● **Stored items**
(* Let $p$ be a prime, $d\geq 2$, and $R=\mathbb{Z}_p[[\zeta_1,\ldots,\zeta_d]]$. For $1\leq i<d$ let $\mathcal{X}_i$ be a subset of $\mathcal{B}_i(R)$ such that $(\mathcal{X}_1,\ldots,\mathcal{X}_{d-1})$ is a rich sequence. Then for each $1\leq i<d$, $$D_i:=\bigcap_{(\zeta_1',\ldots,\zeta_i')\in\mathcal{X}_i}(\zeta_1'R+\cdots+\zeta_i'R)=0.$$
   Context: A tuple $(\zeta_1',\ldots,\zeta_d')$ of elements of $R$ is called a base for $R$ if $R=\mathbb{Z}_p[[\zeta_1',\ldots,\zeta_d']]$, i.e. the $\zeta_j'$ lie in the maximal ideal and the continuous $\mathbb{Z}_p$-algebra homomorphism from the power series ring in $d$ variables sending the variables to $\zeta_1',\ldots,\zeta_d'$ is an isomorphism onto $R$. $\mathcal{B}(R)$ is the set of all bases, and for $i<d$, $\mathcal{B}_i(R)$ is the set of $i$-tuples $(\zeta_1',\ldots,\zeta_i')$ that extend to some base $(\zeta_1',\ldots,\zeta_d')\in\mathcal{B}(R)$. A sequence $(\mathcal{X}_1,\ldots,\mathcal{X}_{d-1})$ with $\mathcal{X}_i\subseteq\mathcal{B}_i(R)$ is called rich if $\mathcal{X}_1$ contains infinitely many pairwise non-associate elements, and for each $1<i<d$ and each fixed $(\zeta_1',\ldots,\zeta_{i-1}')\in\mathcal{X}_{i-1}$ there are infinitely many distinct ideals of the form $\zeta_1'R+\cdots+\zeta_{i-1}'R+\zeta_i'R$ with $(\zeta_1',\ldots,\zeta_{i-1}',\zeta_i')\in\mathcal{X}_i$. *)

theory Defs
  imports Main "HOL-Computational_Algebra.Primes"
begin

text \<open>
A p-adic integer is represented by its compatible sequence of residues:
x n is the residue modulo p^n (in {0..<p^n}), with x (Suc n) mod p^n = x n.

An element of R is a function F from exponent vectors (lists of length d)
to p-adic integers; F alpha is the coefficient of the monomial zeta^alpha.
Off exponent vectors of length d, F is the zero function (canonical form).
\<close>

type_synonym padic = "nat \<Rightarrow> int"
type_synonym pser = "nat list \<Rightarrow> padic"

definition Zp :: "int \<Rightarrow> padic set" where
  "Zp p = {x. \<forall>n. 0 \<le> x n \<and> x n < p ^ n \<and> x (Suc n) mod p ^ n = x n}"

definition PS :: "int \<Rightarrow> nat \<Rightarrow> pser set" where
  "PS p d = {F. (\<forall>\<alpha>. length \<alpha> = d \<longrightarrow> F \<alpha> \<in> Zp p) \<and>
                (\<forall>\<alpha>. length \<alpha> \<noteq> d \<longrightarrow> F \<alpha> = (\<lambda>n. 0))}"

definition ps_zero :: pser where
  "ps_zero = (\<lambda>\<alpha> n. 0)"

definition ps_one :: "int \<Rightarrow> nat \<Rightarrow> pser" where
  "ps_one p d = (\<lambda>\<alpha> n. if \<alpha> = replicate d 0 then 1 mod p ^ n else 0)"

definition ps_sum :: "int \<Rightarrow> 'i set \<Rightarrow> ('i \<Rightarrow> pser) \<Rightarrow> pser" where
  "ps_sum p A G = (\<lambda>\<gamma> n. (\<Sum>a\<in>A. G a \<gamma> n) mod p ^ n)"

definition ps_add :: "int \<Rightarrow> pser \<Rightarrow> pser \<Rightarrow> pser" where
  "ps_add p F G = (\<lambda>\<gamma> n. (F \<gamma> n + G \<gamma> n) mod p ^ n)"

definition below :: "nat \<Rightarrow> nat list \<Rightarrow> nat list set" where
  "below d \<alpha> = {\<beta>. length \<beta> = d \<and> (\<forall>j<d. \<beta> ! j \<le> \<alpha> ! j)}"

definition ps_mul :: "int \<Rightarrow> nat \<Rightarrow> pser \<Rightarrow> pser \<Rightarrow> pser" where
  "ps_mul p d F G = (\<lambda>\<alpha> n. if length \<alpha> = d
      then (\<Sum>\<beta>\<in>below d \<alpha>. F \<beta> n * G (map2 (\<lambda>a b. a - b) \<alpha> \<beta>) n) mod p ^ n
      else 0)"

definition ps_smult :: "int \<Rightarrow> padic \<Rightarrow> pser \<Rightarrow> pser" where
  "ps_smult p c G = (\<lambda>\<gamma> n. (c n * G \<gamma> n) mod p ^ n)"

primrec ps_pow :: "int \<Rightarrow> nat \<Rightarrow> pser \<Rightarrow> nat \<Rightarrow> pser" where
  "ps_pow p d F 0 = ps_one p d"
| "ps_pow p d F (Suc k) = ps_mul p d F (ps_pow p d F k)"

definition mon_prod :: "int \<Rightarrow> nat \<Rightarrow> pser list \<Rightarrow> nat list \<Rightarrow> pser" where
  "mon_prod p d Z \<alpha> =
     foldr (\<lambda>j acc. ps_mul p d (ps_pow p d (Z ! j) (\<alpha> ! j)) acc) [0..<d] (ps_one p d)"

definition mons_lt :: "nat \<Rightarrow> nat \<Rightarrow> nat list set" where
  "mons_lt d N = {\<alpha>. length \<alpha> = d \<and> sum_list \<alpha> < N}"

text \<open>Substitution F(Z_1,...,Z_d) = sum_alpha F_alpha Z^alpha, defined as the limit
  (coefficientwise and p-adically: every residue eventually stabilises) of the
  partial sums over monomials of total degree < N.  For Z in the maximal ideal this
  is the continuous Z_p-algebra homomorphism sending zeta_j to Z_j.\<close>
definition subst :: "int \<Rightarrow> nat \<Rightarrow> pser \<Rightarrow> pser list \<Rightarrow> pser" where
  "subst p d F Z = (\<lambda>\<gamma> n. THE v. \<exists>N0. \<forall>N\<ge>N0.
      ps_sum p (mons_lt d N) (\<lambda>\<alpha>. ps_smult p (F \<alpha>) (mon_prod p d Z \<alpha>)) \<gamma> n = v)"

text \<open>Maximal ideal (p, zeta_1, ..., zeta_d): constant term divisible by p.\<close>
definition PSmax :: "int \<Rightarrow> nat \<Rightarrow> pser set" where
  "PSmax p d = {F \<in> PS p d. F (replicate d 0) 1 = 0}"
(* Let $\mathcal{H}=\bigotimes_{i=1}^n\mathcal{H}_i$ with $\dim\mathcal{H}_i=d_i$. For every unitary $U\in U(d_1\cdots d_n)$ and every non-trivial unordered bipartition $p|q$ of $\{1,\dots,n\}$, $\epsilon_{p|q}(U)\le\tilde\epsilon_{p|q}$, and consequently $\epsilon_1(U)\le\tilde\epsilon_1:=\frac{1}{2^{n-1}-1}\sum_{p|q}\tilde\epsilon_{p|q}$, where $$\tilde\epsilon_{p|q}:=2-2\Bigg(\prod_{i=1}^n\frac{d_i}{d_i+1}\Bigg)\left[2^n-\sum_{x'|y'}\frac{\min(d_{px'},d_{qy'})-1}{\min(d_{px'},d_{qy'})}\right],$$ the sum being over all $2^n$ ordered bipartitions $x'|y'$ of $\{1',\dots,n'\}$ (including trivial ones), $d_{px'}=\prod_{i\in p}d_i\prod_{i'\in x'}d_i$ and $d_{qy'}=\prod_{i\in q}d_i\prod_{i'\in y'}d_i$.
   Context: For a pure state $|\psi\rangle\in\mathcal{H}$ and a bipartition $p|q$ of $\{1,\dots,n\}$, $\tau_{p|q}(|\psi\rangle)=2\big(1-\operatorname{tr}[(\operatorname{tr}_p|\psi\rangle\langle\psi|)^2]\big)$; the $n$-party one-tangle is $\tau_1=\frac{1}{2^{n-1}-1}\sum_{p|q}\tau_{p|q}$ (sum over non-trivial unordered bipartitions). $\epsilon_{p|q}(U)$ (resp. $\epsilon_1(U)$) is the average of $\tau_{p|q}(U|\psi_{\rm sep}\rangle)$ (resp. $\tau_1(U|\psi_{\rm sep}\rangle)$) over $|\psi_{\rm sep}\rangle=|\psi_1\rangle\otimes\cdots\otimes|\psi_n\rangle$, each $|\psi_i\rangle$ drawn independently from the unitarily invariant measure on pure states of $\mathcal{H}_i$. The primed labels $1',\dots,n'$ refer to a copy $\mathcal{H}'=\bigotimes_i\mathcal{H}_{i'}$ of $\mathcal{H}$, $\dim\mathcal{H}_{i'}=d_i$. *)

theory Defs
  imports "HOL-Probability.Probability"
begin

text \<open>Computational basis of H = H_1 (x) ... (x) H_n, dm H_i = d i:
  index tuples j with j i < d i for i < n (extensional outside {..<n}).\<close>
definition basis_idx :: "(nat \<Rightarrow> nat) \<Rightarrow> nat \<Rightarrow> (nat \<Rightarrow> nat) set" where
  "basis_idx d n = PiE {..<n} (\<lambda>i. {..<d i})"

text \<open>A unitary on H, given by its matrix entries U j k w.r.t. the product basis.\<close>
definition unitary_op :: "(nat \<Rightarrow> nat) \<Rightarrow> nat \<Rightarrow> ((nat \<Rightarrow> nat) \<Rightarrow> (nat \<Rightarrow> nat) \<Rightarrow> complex) \<Rightarrow> bool" where
  "unitary_op d n U \<longleftrightarrow> (\<forall>j\<in>basis_idx d n. \<forall>k\<in>basis_idx d n.
     (\<Sum>l\<in>basis_idx d n. cnj (U l j) * U l k) = (if j = k then 1 else 0))"

definition apply_op :: "(nat \<Rightarrow> nat) \<Rightarrow> nat \<Rightarrow> ((nat \<Rightarrow> nat) \<Rightarrow> (nat \<Rightarrow> nat) \<Rightarrow> complex)
     \<Rightarrow> ((nat \<Rightarrow> nat) \<Rightarrow> complex) \<Rightarrow> ((nat \<Rightarrow> nat) \<Rightarrow> complex)" where
  "apply_op d n U \<psi> = (\<lambda>j. \<Sum>k\<in>basis_idx d n. U j k * \<psi> k)"

definition merge_idx :: "nat set \<Rightarrow> (nat \<Rightarrow> nat) \<Rightarrow> (nat \<Rightarrow> nat) \<Rightarrow> (nat \<Rightarrow> nat)" where
  "merge_idx p a b = (\<lambda>i. if i \<in> p then a i else b i)"

text \<open>Matrix entries of tr_p |psi><psi| (an operator on the factors in q = {..<n} - p).\<close>
definition reduced_state :: "(nat \<Rightarrow> nat) \<Rightarrow> nat \<Rightarrow> nat set \<Rightarrow> ((nat \<Rightarrow> nat) \<Rightarrow> complex)
     \<Rightarrow> (nat \<Rightarrow> nat) \<Rightarrow> (nat \<Rightarrow> nat) \<Rightarrow> complex" where
  "reduced_state d n p \<psi> b b' =
     (\<Sum>a\<in>PiE p (\<lambda>i. {..<d i}). \<psi> (merge_idx p a b) * cnj (\<psi> (merge_idx p a b')))"

text \<open>tr[(tr_p |psi><psi|)^2] (real for any psi; we take the real part).\<close>
definition purity :: "(nat \<Rightarrow> nat) \<Rightarrow> nat \<Rightarrow> nat set \<Rightarrow> ((nat \<Rightarrow> nat) \<Rightarrow> complex) \<Rightarrow> real" where
  "purity d n p \<psi> = Re (\<Sum>b\<in>PiE ({..<n} - p) (\<lambda>i. {..<d i}).
       \<Sum>b'\<in>PiE ({..<n} - p) (\<lambda>i. {..<d i}).
         reduced_state d n p \<psi> b b' * reduced_state d n p \<psi> b' b)"

definition tau_bip :: "(nat \<Rightarrow> nat) \<Rightarrow> nat \<Rightarrow> nat set \<Rightarrow> ((nat \<Rightarrow> nat) \<Rightarrow> complex) \<Rightarrow> real" where
  "tau_bip d n p \<psi> = 2 * (1 - purity d n p \<psi>)"

definition nontrivial_bip :: "nat \<Rightarrow> nat set \<Rightarrow> bool" where
  "nontrivial_bip n p \<longleftrightarrow> p \<subseteq> {..<n} \<and> p \<noteq> {} \<and> p \<noteq> {..<n}"

text \<open>Non-trivial unordered bipartitions p|q, each represented once by the part p containing 0.\<close>
definition unordered_bips :: "nat \<Rightarrow> nat set set" where
  "unordered_bips n = {p. p \<subseteq> {..<n} \<and> 0 \<in> p \<and> p \<noteq> {..<n}}"

definition one_tangle :: "(nat \<Rightarrow> nat) \<Rightarrow> nat \<Rightarrow> ((nat \<Rightarrow> nat) \<Rightarrow> complex) \<Rightarrow> real" where
  "one_tangle d n \<psi> = (1 / (2 ^ (n - 1) - 1)) * (\<Sum>p\<in>unordered_bips n. tau_bip d n p \<psi>)"

text \<open>Pure states of C^dm as vectors nat => complex supported on {..<dm}.\<close>
definition unit_sphere_vec :: "nat \<Rightarrow> (nat \<Rightarrow> complex) set" where
  "unit_sphere_vec dm = {v. (\<forall>k\<ge>dm. v k = 0) \<and> (\<Sum>k<dm. (cmod (v k))\<^sup>2) = 1}"

definition unitary_mat :: "nat \<Rightarrow> (nat \<Rightarrow> nat \<Rightarrow> complex) \<Rightarrow> bool" where
  "unitary_mat dm V \<longleftrightarrow> (\<forall>j<dm. \<forall>k<dm.
     (\<Sum>l<dm. cnj (V l j) * V l k) = (if j = k then 1 else 0))"

definition mat_apply :: "nat \<Rightarrow> (nat \<Rightarrow> nat \<Rightarrow> complex) \<Rightarrow> (nat \<Rightarrow> complex) \<Rightarrow> (nat \<Rightarrow> complex)" where
  "mat_apply dm V v = (\<lambda>k. if k < dm then \<Sum>l<dm. V k l * v l else 0)"

text \<open>mu is the unitarily invariant probability measure on pure states of C^dm:
  a Borel probability measure concentrated on the unit sphere and invariant under
  every unitary (such a measure exists and is unique).\<close>
definition unitarily_invariant_state_measure :: "nat \<Rightarrow> (nat \<Rightarrow> complex) measure \<Rightarrow> bool" where
  "unitarily_invariant_state_measure dm \<mu> \<longleftrightarrow>
     prob_space \<mu> \<and> sets \<mu> = sets borel \<and> emeasure \<mu> (unit_sphere_vec dm) = 1 \<and>
     (\<forall>V. unitary_mat dm V \<longrightarrow> distr \<mu> borel (mat_apply dm V) = \<mu>)"

definition sep_state :: "nat \<Rightarrow> (nat \<Rightarrow> nat \<Rightarrow> complex) \<Rightarrow> ((nat \<Rightarrow> nat) \<Rightarrow> complex)" where
  "sep_state n \<omega> = (\<lambda>j. \<Prod>i<n. \<omega> i (j i))"

definition eps_bip :: "(nat \<Rightarrow> nat) \<Rightarrow> nat \<Rightarrow> (nat \<Rightarrow> (nat \<Rightarrow> complex) measure)
     \<Rightarrow> ((nat \<Rightarrow> nat) \<Rightarrow> (nat \<Rightarrow> nat) \<Rightarrow> complex) \<Rightarrow> nat set \<Rightarrow> real" where
  "eps_bip d n M U p =
     (\<integral>\<omega>. tau_bip d n p (apply_op d n U (sep_state n \<omega>)) \<partial>(PiM {..<n} M))"

definition eps_one :: "(nat \<Rightarrow> nat) \<Rightarrow> nat \<Rightarrow> (nat \<Rightarrow> (nat \<Rightarrow> complex) measure)
     \<Rightarrow> ((nat \<Rightarrow> nat) \<Rightarrow> (nat \<Rightarrow> nat) \<Rightarrow> complex) \<Rightarrow> real" where
  "eps_one d n M U =
     (\<integral>\<omega>. one_tangle d n (apply_op d n U (sep_state n \<omega>)) \<partial>(PiM {..<n} M))"

text \<open>The bound tilde-epsilon_{p|q}; the sum runs over all subsets x' of {1',...,n'}
  (ordered bipartitions x'|y', y' the complement, trivial ones included).\<close>
definition eps_tilde_bip :: "(nat \<Rightarrow> nat) \<Rightarrow> nat \<Rightarrow> nat set \<Rightarrow> real" where
  "eps_tilde_bip d n p =
     2 - 2 * (\<Prod>i<n. real (d i) / (real (d i) + 1)) *
       (2 ^ n - (\<Sum>x\<in>Pow {..<n}.
          let m = min ((\<Prod>i\<in>p. d i) * (\<Prod>i\<in>x. d i))
                      ((\<Prod>i\<in>{..<n} - p. d i) * (\<Prod>i\<in>{..<n} - x. d i))
          in (real m - 1) / real m))"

● **What needs to be done**
Take the entries above and return only the lines from the one with "nat \<Rightarrow> pser \<Rightarrow> pser \<Rightarrow>" to the one with "padic \<Rightarrow> pser", both included, unchanged.

● **Reply to the task**
definition ps_mul :: "int \<Rightarrow> nat \<Rightarrow> pser \<Rightarrow> pser \<Rightarrow> pser" where
  "ps_mul p d F G = (\<lambda>\<alpha> n. if length \<alpha> = d
      then (\<Sum>\<beta>\<in>below d \<alpha>. F \<beta> n * G (map2 (\<lambda>a b. a - b) \<alpha> \<beta>) n) mod p ^ n
      else 0)"

definition ps_smult :: "int \<Rightarrow> padic \<Rightarrow> pser \<Rightarrow> pser" where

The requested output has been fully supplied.